Vi putas sendo chamadas de putas. Vi minha mãe, dona de casa, sendo assim intitulada pelo meu pai. Vi meus tios falando de mulheres que transavam por dinheiro e de suas mulheres – que trepavam de graça – da mesma forma. Vi situações, com pessoas desconhecidas, em que mulheres, por muito ou por pouco, também assim o eram batizadas.

Eu entendia a falta de requinte do termo, mas já não me ofendia. Éramos todas “mulheres-putas” no mesmo patamar de subgênero, que se diferenciavam apenas pelos centavos a mais  após o coito.

A minha surpresa veio quando me envolvi com um homem casado. Sem perceber, me tornei puta num submundo, onde se deve ser invisível, silenciosa e não se tem direito a argumentos.

As pessoas não entendem que eu não fiz um plano maléfico de destruição de famílias, na verdade eu conheci um homem solteiro e, aparentemente, disponível. Foram trinta e seis meses de relacionamento e, quando comecei a achar estranho ser sempre a minha vida o cenário da nossa relação: os meus amigos, a minha casa, os meus álbuns de família. Descobri que a dele era plano de fundo de um casamento de dez anos e dois filhos!

Ainda assim, passaram-se mais quatro anos de aniversários solitários e compromissos desfeitos para acompanhar sua agenda de escapadas. Eu sou apenas um ser humano que acreditou cegamente que era preciso ter paciência, fé e autocontrole.
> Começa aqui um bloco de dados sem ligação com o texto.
(* Under the standing setup (in either Scenario I or Scenario II), assume $0<h<\frac{1}{d_{\max}}$ and that the expected graph is strongly connected. Then: (i) For the discrete-time system $x(t_{k+1})=(I-hL_{\sigma_k})^{\bar k}x(t_k)$, for every $x(0)\in\mathbb{R}^n$, $\lim_{k\to\infty}\mathbb{E}[x(t_k)]=\mathbf{1}\bar\pi_1^T x(0)$, where $W_1=\mathbb{E}[(I-hL_{\sigma_k})^{\bar k}]=\sum_{i=1}^4 p_i (I-hL_i)^{\bar k}$ satisfies $\lim_{k\to\infty}W_1^k=\mathbf{1}\bar\pi_1^T$, and $\bar\pi_1>0$ (entrywise) is a left eigenvector of $W_1$ for eigenvalue $1$ with $\bar\pi_1^T\mathbf{1}=1$. (ii) For the limiting ($h\to0$) system $x(t_{k+1})=e^{-L_{\sigma_k}\Delta}x(t_k)$, for every $x(0)\in\mathbb{R}^n$, $\lim_{k\to\infty}\mathbb{E}[x(t_k)]=\mathbf{1}\bar\pi_2^T x(0)$, where $W_2=\mathbb{E}[e^{-L_{\sigma_k}\Delta}]=\sum_{i=1}^4 p_i e^{-L_i\Delta}$ satisfies $\lim_{k\to\infty}W_2^k=\mathbf{1}\bar\pi_2^T$, and $\bar\pi_2>0$ is a left eigenvector of $W_2$ for eigenvalue $1$ with $\bar\pi_2^T\mathbf{1}=1$. In particular both systems reach consensus in mean.
   Context: Standing setup. $n\ge3$ agents. $G$ is an undirected connected graph on $\{1,\dots,n\}$ with symmetric $0/1$ adjacency matrix $A=[a_{ij}]$ (zero diagonal), degrees $d_i=\sum_j a_{ij}$, $d_{\max}=\max_i d_i$, and Laplacian $L=\mathrm{diag}(d_1,\dots,d_n)-A$, with entries $l_{ij}$. For a (possibly directed) $0/1$ adjacency matrix $B$ ($b_{ij}=1$ meaning agent $i$ receives from agent $j$), its Laplacian is $\mathrm{diag}(B\mathbf{1})-B$. Scenario I (agents 1,2 may fail to receive): $A_1$ is $A$ with row 1 set to zero, $A_2$ is $A$ with row 2 set to zero, $A_3$ is $A$ with rows 1 and 2 set to zero, $A_4=A$. Scenario II (agents 1,2 may fail to send): same with columns instead of rows. $L_i$ is the Laplacian of $A_i$ (so $L_4=L$). Probabilities $p_1=\alpha,p_2=\beta,p_3=\gamma,p_4=\theta\in(0,1)$ with $\alpha+\beta+\gamma+\theta=1$. The expected graph is the directed graph with weighted adjacency matrix $\sum_{i=1}^4 p_iA_i$. Sampling period $h>0$, integer $\bar k\ge1$, $\Delta=\bar k h$, $t_k=k\Delta$. $\sigma_0,\sigma_1,\dots$ are i.i.d. random variables in $\{1,2,3,4\}$ with $P(\sigma_k=i)=p_i$ (the graph is held fixed on each interval of length $\Delta$, during which the delta-operator system $\delta x=-L_{\sigma_k}x$ with step $h$ is run $\bar k$ times). The initial state $x(t_0)=x(0)\in\mathbb{R}^n$ is deterministic. $\mathbf{1}$ is the all-ones column vector. *)

theory Defs
  imports "HOL-Analysis.Analysis" "HOL-Probability.Probability"
begin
Fui julgada pelos meus familiares, amigos e desconhecidos. Acobertei a situação o quanto pude. Até que encontrei, entre as diversas promessas não cumpridas, algumas que fiz a mim mesma. Senti vergonha. Chorei sozinha. Por não poder falar com ninguém, gritei em silêncio.

Eu simplesmente não tinha valor frente àquela família que existia do lado oposto. Amante, por definição, é aquele que ama. E, acima de todos os julgamentos alheios, nunca me envergonhei dessa condição. Mas, decidi dar um basta àquela sequência de humilhações que me tirou o amor-próprio e transformou uma mulher apaixonada em uma espécie de vilã de famílias perfeitas.

Fui condenada por todas as pessoas que souberam da minha história, fiquei por anos em uma solitária esperando ansiosamente pela visita do carcereiro. O meu despertar foi encontrar no bolso a chave que me tirava dessa cela. Não foi fácil, mas decidi ser uma puta livre.